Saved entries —
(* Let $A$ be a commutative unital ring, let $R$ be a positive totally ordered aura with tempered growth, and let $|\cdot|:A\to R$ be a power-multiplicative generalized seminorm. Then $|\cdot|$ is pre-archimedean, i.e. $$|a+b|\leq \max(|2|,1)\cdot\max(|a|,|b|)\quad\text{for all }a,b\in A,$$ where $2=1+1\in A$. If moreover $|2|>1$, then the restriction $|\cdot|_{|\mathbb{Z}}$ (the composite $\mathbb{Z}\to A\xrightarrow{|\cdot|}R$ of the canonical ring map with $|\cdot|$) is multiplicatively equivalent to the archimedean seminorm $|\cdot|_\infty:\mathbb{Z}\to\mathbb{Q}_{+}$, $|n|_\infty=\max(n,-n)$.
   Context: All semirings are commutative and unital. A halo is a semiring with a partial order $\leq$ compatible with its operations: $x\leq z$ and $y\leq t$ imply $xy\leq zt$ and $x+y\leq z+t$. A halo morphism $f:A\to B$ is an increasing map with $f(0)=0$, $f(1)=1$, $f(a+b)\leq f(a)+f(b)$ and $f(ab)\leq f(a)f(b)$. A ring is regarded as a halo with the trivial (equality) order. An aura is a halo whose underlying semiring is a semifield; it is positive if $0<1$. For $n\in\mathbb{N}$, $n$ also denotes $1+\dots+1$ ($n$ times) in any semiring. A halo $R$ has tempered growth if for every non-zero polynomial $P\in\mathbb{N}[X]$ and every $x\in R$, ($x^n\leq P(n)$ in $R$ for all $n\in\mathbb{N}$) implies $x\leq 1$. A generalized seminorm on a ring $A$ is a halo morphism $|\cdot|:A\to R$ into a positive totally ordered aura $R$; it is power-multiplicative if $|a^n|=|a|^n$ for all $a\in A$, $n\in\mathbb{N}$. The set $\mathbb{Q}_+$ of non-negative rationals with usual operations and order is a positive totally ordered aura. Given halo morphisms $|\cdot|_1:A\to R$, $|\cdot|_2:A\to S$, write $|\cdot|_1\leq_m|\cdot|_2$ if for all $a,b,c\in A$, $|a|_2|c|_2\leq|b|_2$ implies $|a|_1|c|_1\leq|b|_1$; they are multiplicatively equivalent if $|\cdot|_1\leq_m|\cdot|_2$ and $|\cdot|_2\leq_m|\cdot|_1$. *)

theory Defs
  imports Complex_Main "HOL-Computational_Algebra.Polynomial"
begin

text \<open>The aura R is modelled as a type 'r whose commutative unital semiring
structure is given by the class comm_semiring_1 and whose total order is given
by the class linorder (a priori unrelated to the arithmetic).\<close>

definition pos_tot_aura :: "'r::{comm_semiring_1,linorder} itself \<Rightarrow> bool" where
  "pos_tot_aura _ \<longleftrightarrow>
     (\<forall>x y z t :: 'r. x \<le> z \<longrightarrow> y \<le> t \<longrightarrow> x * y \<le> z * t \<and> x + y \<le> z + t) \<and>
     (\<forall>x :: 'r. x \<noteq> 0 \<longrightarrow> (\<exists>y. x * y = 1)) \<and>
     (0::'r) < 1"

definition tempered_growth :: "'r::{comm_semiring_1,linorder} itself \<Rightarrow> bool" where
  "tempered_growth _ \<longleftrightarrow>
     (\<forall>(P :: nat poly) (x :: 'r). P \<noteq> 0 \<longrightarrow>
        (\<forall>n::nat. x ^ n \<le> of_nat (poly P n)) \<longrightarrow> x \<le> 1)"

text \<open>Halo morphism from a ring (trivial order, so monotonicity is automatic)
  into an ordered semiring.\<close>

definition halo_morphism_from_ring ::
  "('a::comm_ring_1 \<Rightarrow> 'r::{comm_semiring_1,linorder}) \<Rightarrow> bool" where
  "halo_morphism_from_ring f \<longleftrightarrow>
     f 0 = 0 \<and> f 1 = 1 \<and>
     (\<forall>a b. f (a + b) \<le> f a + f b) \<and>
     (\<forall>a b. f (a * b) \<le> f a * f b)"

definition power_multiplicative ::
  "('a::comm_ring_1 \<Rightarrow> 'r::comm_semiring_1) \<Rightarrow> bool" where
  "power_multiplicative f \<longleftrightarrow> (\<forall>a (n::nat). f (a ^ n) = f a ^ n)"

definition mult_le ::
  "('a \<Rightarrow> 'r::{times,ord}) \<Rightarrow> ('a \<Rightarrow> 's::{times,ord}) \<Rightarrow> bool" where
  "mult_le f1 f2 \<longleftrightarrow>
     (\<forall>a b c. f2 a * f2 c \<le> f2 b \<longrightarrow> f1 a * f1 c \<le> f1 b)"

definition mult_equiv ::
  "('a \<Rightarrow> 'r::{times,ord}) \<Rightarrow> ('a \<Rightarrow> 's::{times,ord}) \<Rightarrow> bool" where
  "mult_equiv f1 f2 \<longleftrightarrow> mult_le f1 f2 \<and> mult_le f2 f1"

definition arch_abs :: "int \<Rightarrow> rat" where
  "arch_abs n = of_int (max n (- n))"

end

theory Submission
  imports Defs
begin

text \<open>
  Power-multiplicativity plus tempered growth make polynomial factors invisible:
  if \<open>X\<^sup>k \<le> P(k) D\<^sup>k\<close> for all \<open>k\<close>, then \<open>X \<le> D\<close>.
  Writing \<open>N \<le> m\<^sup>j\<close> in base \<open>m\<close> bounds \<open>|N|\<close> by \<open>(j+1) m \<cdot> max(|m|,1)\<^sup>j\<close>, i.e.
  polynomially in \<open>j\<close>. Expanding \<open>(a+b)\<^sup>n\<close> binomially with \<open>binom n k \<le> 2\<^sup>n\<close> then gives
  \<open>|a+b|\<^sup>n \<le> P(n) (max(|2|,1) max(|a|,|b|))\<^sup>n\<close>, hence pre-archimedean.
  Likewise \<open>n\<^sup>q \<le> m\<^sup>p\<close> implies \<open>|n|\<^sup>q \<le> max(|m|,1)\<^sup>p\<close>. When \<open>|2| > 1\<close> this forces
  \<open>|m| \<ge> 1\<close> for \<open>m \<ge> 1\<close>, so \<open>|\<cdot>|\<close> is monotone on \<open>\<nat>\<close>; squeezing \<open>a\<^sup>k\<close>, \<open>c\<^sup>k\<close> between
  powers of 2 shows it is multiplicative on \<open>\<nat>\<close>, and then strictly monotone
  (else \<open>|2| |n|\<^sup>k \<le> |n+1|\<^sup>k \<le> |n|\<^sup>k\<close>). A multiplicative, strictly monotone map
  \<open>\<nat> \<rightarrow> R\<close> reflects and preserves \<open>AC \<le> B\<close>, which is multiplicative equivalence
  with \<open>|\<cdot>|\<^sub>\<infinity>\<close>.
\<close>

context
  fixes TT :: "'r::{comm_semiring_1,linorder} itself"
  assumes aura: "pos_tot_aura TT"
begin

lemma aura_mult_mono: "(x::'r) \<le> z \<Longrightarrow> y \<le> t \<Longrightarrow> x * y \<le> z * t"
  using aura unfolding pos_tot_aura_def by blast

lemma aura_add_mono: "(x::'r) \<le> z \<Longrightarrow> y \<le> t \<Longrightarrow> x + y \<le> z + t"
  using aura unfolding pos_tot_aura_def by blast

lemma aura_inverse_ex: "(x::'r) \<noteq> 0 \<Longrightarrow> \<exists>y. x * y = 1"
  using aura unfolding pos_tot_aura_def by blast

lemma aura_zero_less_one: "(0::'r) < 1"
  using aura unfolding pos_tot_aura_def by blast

Task goal — The entries above hold a line with "text \<open>Halo morphism" and a later line with "1\<close> for \<open>m". Write out exactly those lines and all lines between, nothing more.

Exercise answer —
text \<open>Halo morphism from a ring (trivial order, so monotonicity is automatic)
  into an ordered semiring.\<close>

definition halo_morphism_from_ring ::
  "('a::comm_ring_1 \<Rightarrow> 'r::{comm_semiring_1,linorder}) \<Rightarrow> bool" where
  "halo_morphism_from_ring f \<longleftrightarrow>
     f 0 = 0 \<and> f 1 = 1 \<and>
     (\<forall>a b. f (a + b) \<le> f a + f b) \<and>
     (\<forall>a b. f (a * b) \<le> f a * f b)"

definition power_multiplicative ::
  "('a::comm_ring_1 \<Rightarrow> 'r::comm_semiring_1) \<Rightarrow> bool" where
  "power_multiplicative f \<longleftrightarrow> (\<forall>a (n::nat). f (a ^ n) = f a ^ n)"

definition mult_le ::
  "('a \<Rightarrow> 'r::{times,ord}) \<Rightarrow> ('a \<Rightarrow> 's::{times,ord}) \<Rightarrow> bool" where
  "mult_le f1 f2 \<longleftrightarrow>
     (\<forall>a b c. f2 a * f2 c \<le> f2 b \<longrightarrow> f1 a * f1 c \<le> f1 b)"

definition mult_equiv ::
  "('a \<Rightarrow> 'r::{times,ord}) \<Rightarrow> ('a \<Rightarrow> 's::{times,ord}) \<Rightarrow> bool" where
  "mult_equiv f1 f2 \<longleftrightarrow> mult_le f1 f2 \<and> mult_le f2 f1"

definition arch_abs :: "int \<Rightarrow> rat" where
  "arch_abs n = of_int (max n (- n))"

end

theory Submission
  imports Defs
begin

text \<open>
  Power-multiplicativity plus tempered growth make polynomial factors invisible:
  if \<open>X\<^sup>k \<le> P(k) D\<^sup>k\<close> for all \<open>k\<close>, then \<open>X \<le> D\<close>.
  Writing \<open>N \<le> m\<^sup>j\<close> in base \<open>m\<close> bounds \<open>|N|\<close> by \<open>(j+1) m \<cdot> max(|m|,1)\<^sup>j\<close>, i.e.
  polynomially in \<open>j\<close>. Expanding \<open>(a+b)\<^sup>n\<close> binomially with \<open>binom n k \<le> 2\<^sup>n\<close> then gives
  \<open>|a+b|\<^sup>n \<le> P(n) (max(|2|,1) max(|a|,|b|))\<^sup>n\<close>, hence pre-archimedean.
  Likewise \<open>n\<^sup>q \<le> m\<^sup>p\<close> implies \<open>|n|\<^sup>q \<le> max(|m|,1)\<^sup>p\<close>. When \<open>|2| > 1\<close> this forces
  \<open>|m| \<ge> 1\<close> for \<open>m \<ge> 1\<close>, so \<open>|\<cdot>|\<close> is monotone on \<open>\<nat>\<close>; squeezing \<open>a\<^sup>k\<close>, \<open>c\<^sup>k\<close> between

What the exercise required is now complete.